* **Dataset entries**:
--- START ---
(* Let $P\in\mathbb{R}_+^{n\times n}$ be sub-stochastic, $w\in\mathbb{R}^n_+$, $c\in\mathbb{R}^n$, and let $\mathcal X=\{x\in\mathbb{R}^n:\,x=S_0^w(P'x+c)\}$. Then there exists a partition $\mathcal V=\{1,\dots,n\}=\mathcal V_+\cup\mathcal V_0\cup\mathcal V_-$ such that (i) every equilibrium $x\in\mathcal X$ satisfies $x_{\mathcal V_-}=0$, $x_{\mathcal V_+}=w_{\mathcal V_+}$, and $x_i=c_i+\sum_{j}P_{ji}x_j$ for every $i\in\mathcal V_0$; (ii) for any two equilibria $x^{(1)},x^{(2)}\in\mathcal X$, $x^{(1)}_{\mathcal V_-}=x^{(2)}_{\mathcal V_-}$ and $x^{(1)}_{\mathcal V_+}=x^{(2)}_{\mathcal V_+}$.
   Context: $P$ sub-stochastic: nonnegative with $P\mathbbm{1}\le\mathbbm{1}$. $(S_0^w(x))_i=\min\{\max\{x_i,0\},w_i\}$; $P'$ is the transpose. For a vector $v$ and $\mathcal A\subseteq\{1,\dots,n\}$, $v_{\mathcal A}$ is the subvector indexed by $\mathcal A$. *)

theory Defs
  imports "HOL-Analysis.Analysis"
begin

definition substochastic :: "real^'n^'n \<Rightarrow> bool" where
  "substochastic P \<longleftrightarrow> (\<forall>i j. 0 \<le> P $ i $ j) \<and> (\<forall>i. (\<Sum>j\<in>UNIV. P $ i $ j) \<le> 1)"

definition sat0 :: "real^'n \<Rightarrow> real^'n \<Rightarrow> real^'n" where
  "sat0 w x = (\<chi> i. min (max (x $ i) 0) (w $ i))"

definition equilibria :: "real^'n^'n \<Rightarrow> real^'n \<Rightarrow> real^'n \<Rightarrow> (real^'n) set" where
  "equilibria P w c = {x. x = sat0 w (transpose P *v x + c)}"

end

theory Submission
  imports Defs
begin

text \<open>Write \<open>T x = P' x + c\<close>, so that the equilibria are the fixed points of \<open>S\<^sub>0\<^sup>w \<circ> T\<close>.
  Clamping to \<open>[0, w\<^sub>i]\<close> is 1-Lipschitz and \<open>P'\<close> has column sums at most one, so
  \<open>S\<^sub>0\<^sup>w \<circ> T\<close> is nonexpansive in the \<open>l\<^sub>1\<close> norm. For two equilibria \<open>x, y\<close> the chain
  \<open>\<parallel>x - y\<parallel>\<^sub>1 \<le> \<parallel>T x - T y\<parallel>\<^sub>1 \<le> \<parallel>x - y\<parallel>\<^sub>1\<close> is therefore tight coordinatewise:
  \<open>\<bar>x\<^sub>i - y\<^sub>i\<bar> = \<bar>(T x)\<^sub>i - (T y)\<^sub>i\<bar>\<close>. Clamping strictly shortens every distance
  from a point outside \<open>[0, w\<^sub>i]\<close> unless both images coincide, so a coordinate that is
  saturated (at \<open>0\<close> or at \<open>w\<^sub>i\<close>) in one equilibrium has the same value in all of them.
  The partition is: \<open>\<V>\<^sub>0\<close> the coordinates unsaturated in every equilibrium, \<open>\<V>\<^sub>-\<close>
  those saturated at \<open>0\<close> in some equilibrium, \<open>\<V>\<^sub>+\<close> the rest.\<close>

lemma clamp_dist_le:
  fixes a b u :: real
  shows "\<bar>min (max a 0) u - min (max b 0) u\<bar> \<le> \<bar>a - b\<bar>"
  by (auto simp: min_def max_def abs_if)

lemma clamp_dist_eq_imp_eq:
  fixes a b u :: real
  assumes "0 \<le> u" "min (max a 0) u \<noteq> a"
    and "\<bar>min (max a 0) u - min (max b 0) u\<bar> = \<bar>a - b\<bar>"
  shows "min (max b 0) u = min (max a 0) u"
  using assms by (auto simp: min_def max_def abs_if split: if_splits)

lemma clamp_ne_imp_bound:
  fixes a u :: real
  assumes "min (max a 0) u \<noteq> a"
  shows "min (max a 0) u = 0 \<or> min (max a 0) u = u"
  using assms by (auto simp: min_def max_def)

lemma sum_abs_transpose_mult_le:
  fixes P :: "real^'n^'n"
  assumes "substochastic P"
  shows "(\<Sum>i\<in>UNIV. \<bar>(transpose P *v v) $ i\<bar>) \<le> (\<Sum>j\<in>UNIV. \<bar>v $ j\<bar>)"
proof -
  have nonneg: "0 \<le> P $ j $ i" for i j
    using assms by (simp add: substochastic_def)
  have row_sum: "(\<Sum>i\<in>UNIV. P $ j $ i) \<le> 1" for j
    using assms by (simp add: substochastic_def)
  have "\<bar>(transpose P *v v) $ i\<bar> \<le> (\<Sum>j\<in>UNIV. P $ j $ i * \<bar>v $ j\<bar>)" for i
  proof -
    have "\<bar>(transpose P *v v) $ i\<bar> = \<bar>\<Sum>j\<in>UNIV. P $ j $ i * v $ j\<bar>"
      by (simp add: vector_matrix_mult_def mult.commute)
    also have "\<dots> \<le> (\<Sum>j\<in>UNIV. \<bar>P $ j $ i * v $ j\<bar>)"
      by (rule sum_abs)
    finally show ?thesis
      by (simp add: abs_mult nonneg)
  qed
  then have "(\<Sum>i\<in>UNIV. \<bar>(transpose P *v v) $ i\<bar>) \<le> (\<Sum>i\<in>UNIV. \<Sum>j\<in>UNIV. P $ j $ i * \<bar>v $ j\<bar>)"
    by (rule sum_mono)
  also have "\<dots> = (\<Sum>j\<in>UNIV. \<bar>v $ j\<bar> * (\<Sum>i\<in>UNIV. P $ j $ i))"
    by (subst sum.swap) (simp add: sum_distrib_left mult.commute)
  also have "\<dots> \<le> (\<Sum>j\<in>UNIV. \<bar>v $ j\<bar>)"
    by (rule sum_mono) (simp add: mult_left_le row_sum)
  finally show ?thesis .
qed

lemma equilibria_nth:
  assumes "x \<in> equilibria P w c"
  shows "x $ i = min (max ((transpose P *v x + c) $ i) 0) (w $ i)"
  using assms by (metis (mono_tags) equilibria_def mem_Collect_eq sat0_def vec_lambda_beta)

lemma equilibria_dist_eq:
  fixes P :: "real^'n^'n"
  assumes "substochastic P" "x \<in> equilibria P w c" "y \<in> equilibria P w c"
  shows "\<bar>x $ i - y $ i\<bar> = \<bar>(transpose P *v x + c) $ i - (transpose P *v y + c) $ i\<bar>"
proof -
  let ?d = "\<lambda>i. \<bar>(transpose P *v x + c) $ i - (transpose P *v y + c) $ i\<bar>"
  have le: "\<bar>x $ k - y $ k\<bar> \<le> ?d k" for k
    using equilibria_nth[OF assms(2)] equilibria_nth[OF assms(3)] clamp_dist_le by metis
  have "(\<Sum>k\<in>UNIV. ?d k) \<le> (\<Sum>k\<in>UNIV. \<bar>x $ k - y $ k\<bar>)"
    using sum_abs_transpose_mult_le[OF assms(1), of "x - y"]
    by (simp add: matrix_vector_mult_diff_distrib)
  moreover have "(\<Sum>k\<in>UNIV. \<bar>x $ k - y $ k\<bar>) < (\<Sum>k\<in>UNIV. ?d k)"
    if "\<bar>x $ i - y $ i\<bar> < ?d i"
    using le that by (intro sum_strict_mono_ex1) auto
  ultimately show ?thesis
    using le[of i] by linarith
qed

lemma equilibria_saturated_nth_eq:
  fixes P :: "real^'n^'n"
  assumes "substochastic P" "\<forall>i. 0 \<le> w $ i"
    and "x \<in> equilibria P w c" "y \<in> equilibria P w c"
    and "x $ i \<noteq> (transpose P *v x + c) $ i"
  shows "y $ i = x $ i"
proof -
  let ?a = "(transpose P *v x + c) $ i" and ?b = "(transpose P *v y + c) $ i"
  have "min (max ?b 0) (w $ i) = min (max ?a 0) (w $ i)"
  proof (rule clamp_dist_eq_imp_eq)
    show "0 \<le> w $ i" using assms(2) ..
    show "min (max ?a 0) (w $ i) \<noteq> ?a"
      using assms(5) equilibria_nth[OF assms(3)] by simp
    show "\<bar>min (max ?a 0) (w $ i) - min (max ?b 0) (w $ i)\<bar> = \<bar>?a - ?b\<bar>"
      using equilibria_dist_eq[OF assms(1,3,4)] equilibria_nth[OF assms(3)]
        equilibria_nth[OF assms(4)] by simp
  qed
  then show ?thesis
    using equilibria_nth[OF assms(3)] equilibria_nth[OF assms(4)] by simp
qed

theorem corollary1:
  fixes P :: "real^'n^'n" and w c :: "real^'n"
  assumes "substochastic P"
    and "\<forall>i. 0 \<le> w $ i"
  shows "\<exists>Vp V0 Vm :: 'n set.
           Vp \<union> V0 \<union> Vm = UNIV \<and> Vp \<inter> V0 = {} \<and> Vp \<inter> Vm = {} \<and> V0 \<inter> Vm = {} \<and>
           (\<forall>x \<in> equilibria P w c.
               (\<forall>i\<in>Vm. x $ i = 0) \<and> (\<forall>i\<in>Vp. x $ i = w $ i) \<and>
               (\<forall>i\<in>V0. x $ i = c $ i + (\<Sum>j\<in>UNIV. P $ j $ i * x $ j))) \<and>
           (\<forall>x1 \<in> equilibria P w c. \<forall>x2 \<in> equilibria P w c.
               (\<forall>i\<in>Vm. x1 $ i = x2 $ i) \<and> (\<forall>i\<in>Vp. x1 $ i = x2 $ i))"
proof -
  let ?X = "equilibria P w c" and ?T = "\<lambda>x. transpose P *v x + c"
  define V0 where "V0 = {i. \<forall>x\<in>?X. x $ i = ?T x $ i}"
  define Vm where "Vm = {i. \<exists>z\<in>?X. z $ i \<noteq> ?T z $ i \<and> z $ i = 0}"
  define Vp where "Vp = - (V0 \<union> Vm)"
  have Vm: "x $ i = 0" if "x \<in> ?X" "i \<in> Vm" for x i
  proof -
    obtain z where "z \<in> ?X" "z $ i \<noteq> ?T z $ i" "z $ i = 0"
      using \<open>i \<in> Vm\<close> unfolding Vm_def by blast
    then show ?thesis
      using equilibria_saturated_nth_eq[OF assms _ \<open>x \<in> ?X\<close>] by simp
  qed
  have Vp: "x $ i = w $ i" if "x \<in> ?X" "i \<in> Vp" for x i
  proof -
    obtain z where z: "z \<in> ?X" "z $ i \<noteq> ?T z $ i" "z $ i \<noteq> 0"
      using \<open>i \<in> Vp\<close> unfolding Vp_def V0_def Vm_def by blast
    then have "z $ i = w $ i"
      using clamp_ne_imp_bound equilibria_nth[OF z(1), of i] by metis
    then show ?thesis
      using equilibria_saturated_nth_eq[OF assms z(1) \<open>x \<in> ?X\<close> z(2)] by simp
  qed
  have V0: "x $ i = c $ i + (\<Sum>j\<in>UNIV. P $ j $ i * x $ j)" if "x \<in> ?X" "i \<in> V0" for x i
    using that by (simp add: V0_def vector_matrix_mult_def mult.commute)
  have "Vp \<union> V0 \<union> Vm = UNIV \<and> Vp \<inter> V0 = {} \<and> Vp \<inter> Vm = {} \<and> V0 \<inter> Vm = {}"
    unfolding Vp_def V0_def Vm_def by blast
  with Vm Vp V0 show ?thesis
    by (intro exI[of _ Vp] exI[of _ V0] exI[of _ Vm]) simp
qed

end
--- END ---
* **What to work on**:
Write out exactly the lines above from the line with "using assms(5) equilibria_nth[OF" through the line with "define V0 where", both of them included, and leave out all other lines.

* **Task solution**:
      using assms(5) equilibria_nth[OF assms(3)] by simp
    show "\<bar>min (max ?a 0) (w $ i) - min (max ?b 0) (w $ i)\<bar> = \<bar>?a - ?b\<bar>"
      using equilibria_dist_eq[OF assms(1,3,4)] equilibria_nth[OF assms(3)]
        equilibria_nth[OF assms(4)] by simp
  qed
  then show ?thesis
    using equilibria_nth[OF assms(3)] equilibria_nth[OF assms(4)] by simp
qed

theorem corollary1:
  fixes P :: "real^'n^'n" and w c :: "real^'n"
  assumes "substochastic P"
    and "\<forall>i. 0 \<le> w $ i"
  shows "\<exists>Vp V0 Vm :: 'n set.
           Vp \<union> V0 \<union> Vm = UNIV \<and> Vp \<inter> V0 = {} \<and> Vp \<inter> Vm = {} \<and> V0 \<inter> Vm = {} \<and>
           (\<forall>x \<in> equilibria P w c.
               (\<forall>i\<in>Vm. x $ i = 0) \<and> (\<forall>i\<in>Vp. x $ i = w $ i) \<and>
               (\<forall>i\<in>V0. x $ i = c $ i + (\<Sum>j\<in>UNIV. P $ j $ i * x $ j))) \<and>
           (\<forall>x1 \<in> equilibria P w c. \<forall>x2 \<in> equilibria P w c.
               (\<forall>i\<in>Vm. x1 $ i = x2 $ i) \<and> (\<forall>i\<in>Vp. x1 $ i = x2 $ i))"
proof -
  let ?X = "equilibria P w c" and ?T = "\<lambda>x. transpose P *v x + c"
  define V0 where "V0 = {i. \<forall>x\<in>?X. x $ i = ?T x $ i}"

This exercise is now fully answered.